lemma integrable_quadratic_growth:
  fixes M :: "'a::real_normed_vector measure"
    and \<phi> :: "'a \<Rightarrow> 'b::{banach, second_countable_topology}"
  assumes "finite_measure M" and "integrable M (\<lambda>y. (norm y)\<^sup>2)" and "\<phi> \<in> borel_measurable M"
    and growth: "\<And>y. norm (\<phi> y) \<le> A + B * (norm y)\<^sup>2"
  shows "integrable M \<phi>"
proof (rule Bochner_Integration.integrable_bound)
  interpret finite_measure M by fact
  show "integrable M (\<lambda>y. A + B * (norm y)\<^sup>2)" using assms(2) by simp
  show "AE y in M. norm (\<phi> y) \<le> norm (A + B * (norm y)\<^sup>2)"
    using growth by (auto intro: order_trans[OF _ abs_ge_self])
qed fact

lemma (in prob_space) expectation_le_sqrt_second_moment:
  fixes X :: "'a \<Rightarrow> real"
  assumes [measurable]: "X \<in> borel_measurable M" and "integrable M (\<lambda>x. (X x)\<^sup>2)"
  shows "expectation X \<le> sqrt (expectation (\<lambda>x. (X x)\<^sup>2))"
proof (rule real_le_rsqrt)
  have "integrable M X" using assms by (rule square_integrable_imp_integrable)
  then show "(expectation X)\<^sup>2 \<le> expectation (\<lambda>x. (X x)\<^sup>2)"
    using variance_eq[of X] variance_positive[of X] assms by simp
qed

lemma
  fixes \<phi> :: "'a::euclidean_space \<Rightarrow> real"
  assumes [measurable]: "\<phi> \<in> borel_measurable borel"
  shows integral_lborel_translate: "(\<integral>y. \<phi> (w + y) \<partial>lborel) = integral\<^sup>L lborel \<phi>"
    and integrable_lborel_translate: "integrable lborel \<phi> \<Longrightarrow> integrable lborel (\<lambda>y. \<phi> (w + y))"
  using integral_distr[of "(+) w" lborel borel \<phi>] integrable_distr_eq[of "(+) w" lborel borel \<phi>]
  by (simp_all add: lborel_distr_plus)

lemma smooth_fun_inner_left: "smooth_fun (\<lambda>y. y \<bullet> b)"
proof -
  have "smooth_fun g" if "\<exists>b c. g = (\<lambda>y. y \<bullet> b + c)" for g :: "'a::euclidean_space \<Rightarrow> real"
    using that
  proof (coinduction arbitrary: g rule: smooth_fun.coinduct)
    case (smooth_fun g)
    then obtain b c where g: "g = (\<lambda>y. y \<bullet> b + c)" by blast
    have "(g has_derivative (\<lambda>h. h \<bullet> b)) (at y)" for y
      unfolding g by (auto intro!: derivative_eq_intros)
    then have "g differentiable at y" and "frechet_derivative g (at y) = (\<lambda>h. h \<bullet> b)" for y
      by (auto simp: differentiable_def frechet_derivative_at[symmetric])
    then have "\<forall>y. g differentiable at y"
      and "(\<lambda>y. frechet_derivative g (at y) v) = (\<lambda>y. y \<bullet> 0 + v \<bullet> b)" for v
      by simp_all
    then show ?case by blast
  qed
  then show ?thesis by (metis add_0_right)
qed

lemma fgrad_inner_left: "fgrad (\<lambda>y. y \<bullet> b) y = (b::'a::euclidean_space)"
proof -
  have "((\<lambda>y. y \<bullet> b) has_derivative (\<lambda>h. h \<bullet> b)) (at y)"
    by (auto intro!: derivative_eq_intros)
  then have "frechet_derivative (\<lambda>y. y \<bullet> b) (at y) = (\<lambda>h. h \<bullet> b)"
    by (simp add: frechet_derivative_at[symmetric])
  then show ?thesis
    unfolding fgrad_def using euclidean_representation[of b] by (simp add: inner_commute)
qed

lemma poincare_variance_le:
  fixes M :: "'a::euclidean_space measure"
  assumes "prob_space M" and sets_M: "sets M = sets borel"
    and second_moment: "integrable M (\<lambda>y. (norm y)\<^sup>2)" and P: "poincare M C"
  shows "(\<integral>y. (norm (y - (\<integral>z. z \<partial>M)))\<^sup>2 \<partial>M) \<le> real DIM('a) * C"
proof -
  interpret prob_space M by fact
  note sets_M [measurable_cong]
  define m where "m = (\<integral>z. z \<partial>M)"
  have "integrable M (\<lambda>y. y)"
    by (rule integrable_quadratic_growth[OF finite_measure_axioms second_moment, where A = 1 and B = 1])
      (simp_all add: norm_le_one_plus_norm_sq measurable_ident_sets sets_M)
  have coordinate_sq_le: "(z \<bullet> b)\<^sup>2 \<le> (norm z)\<^sup>2" if "b \<in> Basis" for z b
    using power_mono[OF Basis_le_norm[OF that, of z] abs_ge_zero, of 2] by simp
  have coordinate: "(\<integral>y. ((y - m) \<bullet> b)\<^sup>2 \<partial>M) \<le> C" if "b \<in> Basis" for b
  proof -
    have "integrable M (\<lambda>y. (y \<bullet> b)\<^sup>2)"
      using coordinate_sq_le[OF that]
      by (intro integrable_quadratic_growth[OF finite_measure_axioms second_moment, where A = 0 and B = 1])
        auto
    with P[unfolded poincare_def, THEN conjunct2, rule_format, of "\<lambda>y. y \<bullet> b"]
    have "(\<integral>y. (y \<bullet> b - (\<integral>z. z \<bullet> b \<partial>M))\<^sup>2 \<partial>M) \<le> C * (\<integral>y. (norm b)\<^sup>2 \<partial>M)"
      by (simp add: smooth_fun_inner_left fgrad_inner_left)
    then show ?thesis
      using that \<open>integrable M (\<lambda>y. y)\<close> by (simp add: m_def inner_diff_left prob_space)
  qed
  have "integrable M (\<lambda>y. ((y - m) \<bullet> b)\<^sup>2)" if "b \<in> Basis" for b
  proof (rule integrable_quadratic_growth[OF finite_measure_axioms second_moment,
        where A = "2 * (norm m)\<^sup>2" and B = 2])
    fix y
    have "((y - m) \<bullet> b)\<^sup>2 \<le> (norm (y - m))\<^sup>2"
      using coordinate_sq_le[OF that] .
    also have "\<dots> \<le> 2 * (norm m)\<^sup>2 + 2 * (norm y)\<^sup>2"
      by (rule norm_diff_sq_le)
    finally show "norm (((y - m) \<bullet> b)\<^sup>2) \<le> 2 * (norm m)\<^sup>2 + 2 * (norm y)\<^sup>2" by simp
  qed measurable
  moreover have "(norm z)\<^sup>2 = (\<Sum>b\<in>Basis. (z \<bullet> b)\<^sup>2)" for z :: 'a
    unfolding power2_norm_eq_inner using euclidean_inner[of z z] by (simp add: power2_eq_square)
  ultimately have "(\<integral>y. (norm (y - m))\<^sup>2 \<partial>M) = (\<Sum>b\<in>Basis. \<integral>y. ((y - m) \<bullet> b)\<^sup>2 \<partial>M)"
    by (simp add: Bochner_Integration.integral_sum)
  also have "\<dots> \<le> (\<Sum>b\<in>(Basis::'a set). C)"
    by (rule sum_mono) (rule coordinate)
  finally show ?thesis by (simp add: m_def)
qed

locale soft_moreau_setting =
  fixes f :: "'a::euclidean_space \<Rightarrow> real" and lam del :: real
  assumes lam: "lam > 0" and del: "del > 0"
    and f_continuous: "continuous_on UNIV f"
    and exp_f_integrable: "(\<integral>\<^sup>+ y. ennreal (exp (- f y / del)) \<partial>lborel) < \<infinity>"
begin

abbreviation W :: "'a \<Rightarrow> 'a \<Rightarrow> real" where "W x y \<equiv> mu_weight f lam del x y"
abbreviation Z :: "'a \<Rightarrow> real" where "Z x \<equiv> \<integral>y. W x y \<partial>lborel"
abbreviation F :: "'a \<Rightarrow> real" where "F \<equiv> soft_moreau f lam del"
abbreviation \<mu> :: "'a \<Rightarrow> 'a measure" where "\<mu> x \<equiv> mu f lam del x"

lemma f_measurable [measurable]: "f \<in> borel_measurable borel"
  using f_continuous by (rule borel_measurable_continuous_onI)

lemma W_measurable [measurable]: "W x \<in> borel_measurable borel"
  unfolding mu_weight_def by measurable

lemma W_pos: "W x y > 0"
  unfolding mu_weight_def by simp

lemma W_eq: "W x y = exp (- f y / del) * exp (- (norm (x - y))\<^sup>2 / (2 * lam * del))"
proof -
  have "- (f y + (norm (x - y))\<^sup>2 / (2 * lam)) / del
      = - f y / del + - (norm (x - y))\<^sup>2 / (2 * lam * del)"
    using lam del by (simp add: field_simps)
  then show ?thesis unfolding mu_weight_def by (simp flip: exp_add)
qed

lemma W_shift_center:
  "W (x + w) y = W x y * exp (- (2 * (w \<bullet> (x - y)) + (norm w)\<^sup>2) / (2 * lam * del))"
proof -
  have "(norm (x + w - y))\<^sup>2 = (norm (x - y))\<^sup>2 + (2 * (w \<bullet> (x - y)) + (norm w)\<^sup>2)"
    unfolding power2_norm_eq_inner by (simp add: algebra_simps inner_commute)
  then have exponent: "- (norm (x + w - y))\<^sup>2 / (2 * lam * del)
      = - (norm (x - y))\<^sup>2 / (2 * lam * del) + - (2 * (w \<bullet> (x - y)) + (norm w)\<^sup>2) / (2 * lam * del)"
    by (simp only: minus_add_distrib add_divide_distrib)
  show ?thesis
    unfolding W_eq exponent by (simp only: exp_add mult.assoc)
qed

lemma W_shift_both: "W (x + w) (w + y) = W x y * exp (- (f (y + w) - f y) / del)"
proof -
  have "W (x + w) (w + y) = exp (- (f (y + w) + (norm (x - y))\<^sup>2 / (2 * lam)) / del)"
    unfolding mu_weight_def by (simp add: add.commute)
  also have "\<dots> = W x y * exp (- (f (y + w) - f y) / del)"
    unfolding mu_weight_def by (simp add: diff_divide_distrib add_divide_distrib flip: exp_add)
  finally show ?thesis .
qed

lemma integrable_W_quadratic_growth:
  assumes [measurable]: "\<phi> \<in> borel_measurable borel" and B: "B \<ge> 0"
    and growth: "\<And>y. \<bar>\<phi> y\<bar> \<le> A + B * (norm y)\<^sup>2"
  shows "integrable lborel (\<lambda>y. W x y * \<phi> y)"
proof (rule Bochner_Integration.integrable_bound)
  define c where "c = 2 * lam * del"
  have c: "c > 0" using lam del by (simp add: c_def)
  define K where "K = \<bar>A\<bar> + B * (2 * (norm x)\<^sup>2 + 2 * c)"
  have "integrable lborel (\<lambda>y. exp (- f y / del))"
    using exp_f_integrable by (intro integrableI_bounded) auto
  then show "integrable lborel (\<lambda>y. K * exp (- f y / del))" by simp
  show "AE y in lborel. norm (W x y * \<phi> y) \<le> norm (K * exp (- f y / del))"
  proof (rule AE_I2)
    fix y
    define e where "e = exp (- (norm (x - y))\<^sup>2 / c)"
    have e: "0 < e" "e \<le> 1" using c by (auto simp: e_def)
    \<comment> \<open>the Gaussian factor absorbs the quadratic growth of \<open>\<phi>\<close>\<close>
    have "\<bar>\<phi> y\<bar> \<le> \<bar>A\<bar> + B * (norm y)\<^sup>2"
      using growth[of y] abs_ge_self[of A] by linarith
    from mult_left_mono[OF this, of e]
    have "e * \<bar>\<phi> y\<bar> \<le> e * \<bar>A\<bar> + B * ((norm y)\<^sup>2 * e)"
      using e by (simp add: algebra_simps)
    also have "\<dots> \<le> K"
      unfolding K_def using e B norm_sq_mult_exp_neg_le[OF c, of y x]
      by (intro add_mono mult_left_mono) (auto simp: e_def intro: mult_left_le_one_le)
    finally have "exp (- f y / del) * (e * \<bar>\<phi> y\<bar>) \<le> exp (- f y / del) * K"
      by simp
    moreover have "K \<ge> 0" using B c by (simp add: K_def)
    ultimately show "norm (W x y * \<phi> y) \<le> norm (K * exp (- f y / del))"
      using e by (simp add: W_eq c_def e_def abs_mult mult_ac)
  qed
qed measurable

::::::

* _THE PROBLEM_
Check all the records above and select each line where the string "equiv" is found.

* _EXERCISE SOLUTION_
abbreviation W :: "'a \<Rightarrow> 'a \<Rightarrow> real" where "W x y \<equiv> mu_weight f lam del x y"
abbreviation Z :: "'a \<Rightarrow> real" where "Z x \<equiv> \<integral>y. W x y \<partial>lborel"
abbreviation F :: "'a \<Rightarrow> real" where "F \<equiv> soft_moreau f lam del"
abbreviation \<mu> :: "'a \<Rightarrow> 'a measure" where "\<mu> x \<equiv> mu f lam del x"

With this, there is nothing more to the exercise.